> _Your instructions_
Lines of the material that include the word "proof" are to be counted; only their number should be given.

BEGIN Extracted data

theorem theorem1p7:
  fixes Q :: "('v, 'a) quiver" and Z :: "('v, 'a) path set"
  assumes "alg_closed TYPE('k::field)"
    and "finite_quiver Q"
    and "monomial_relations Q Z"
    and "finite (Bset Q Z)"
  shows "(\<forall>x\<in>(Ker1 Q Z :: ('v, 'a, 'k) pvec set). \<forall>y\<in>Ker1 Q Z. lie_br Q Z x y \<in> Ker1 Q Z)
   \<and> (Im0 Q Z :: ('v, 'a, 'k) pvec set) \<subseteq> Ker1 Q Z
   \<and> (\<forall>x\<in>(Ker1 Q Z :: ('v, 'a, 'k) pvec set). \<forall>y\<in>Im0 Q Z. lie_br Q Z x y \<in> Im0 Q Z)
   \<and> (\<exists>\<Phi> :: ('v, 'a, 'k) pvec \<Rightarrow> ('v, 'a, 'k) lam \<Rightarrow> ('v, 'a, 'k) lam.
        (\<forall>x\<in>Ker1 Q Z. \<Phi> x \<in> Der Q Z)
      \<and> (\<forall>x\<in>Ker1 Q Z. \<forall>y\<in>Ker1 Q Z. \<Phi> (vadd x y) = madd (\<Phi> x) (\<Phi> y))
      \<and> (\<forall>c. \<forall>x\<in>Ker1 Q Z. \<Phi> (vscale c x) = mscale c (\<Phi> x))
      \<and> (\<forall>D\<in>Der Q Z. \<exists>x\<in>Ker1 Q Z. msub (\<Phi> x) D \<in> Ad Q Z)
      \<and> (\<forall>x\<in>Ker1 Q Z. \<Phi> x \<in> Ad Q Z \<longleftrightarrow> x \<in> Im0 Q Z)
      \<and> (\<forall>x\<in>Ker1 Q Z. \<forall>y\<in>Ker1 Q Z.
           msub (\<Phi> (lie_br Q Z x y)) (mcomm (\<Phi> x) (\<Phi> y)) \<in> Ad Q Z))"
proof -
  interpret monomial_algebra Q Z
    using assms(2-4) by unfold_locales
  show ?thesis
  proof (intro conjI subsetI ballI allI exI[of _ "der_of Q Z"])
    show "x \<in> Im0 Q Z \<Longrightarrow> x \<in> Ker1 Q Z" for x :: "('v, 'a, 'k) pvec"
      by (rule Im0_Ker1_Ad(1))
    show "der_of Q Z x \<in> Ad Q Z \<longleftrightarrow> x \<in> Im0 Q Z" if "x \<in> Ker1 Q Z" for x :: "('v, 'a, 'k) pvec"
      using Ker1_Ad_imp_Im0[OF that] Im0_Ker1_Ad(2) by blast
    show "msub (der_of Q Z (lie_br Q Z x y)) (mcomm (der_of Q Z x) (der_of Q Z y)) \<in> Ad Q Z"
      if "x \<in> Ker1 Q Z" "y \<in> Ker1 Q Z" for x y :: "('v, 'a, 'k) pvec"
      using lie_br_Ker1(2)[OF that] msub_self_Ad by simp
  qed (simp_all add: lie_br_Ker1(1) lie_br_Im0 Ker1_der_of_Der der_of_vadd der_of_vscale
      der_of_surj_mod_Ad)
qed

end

END Extracted data

> _Response area_
2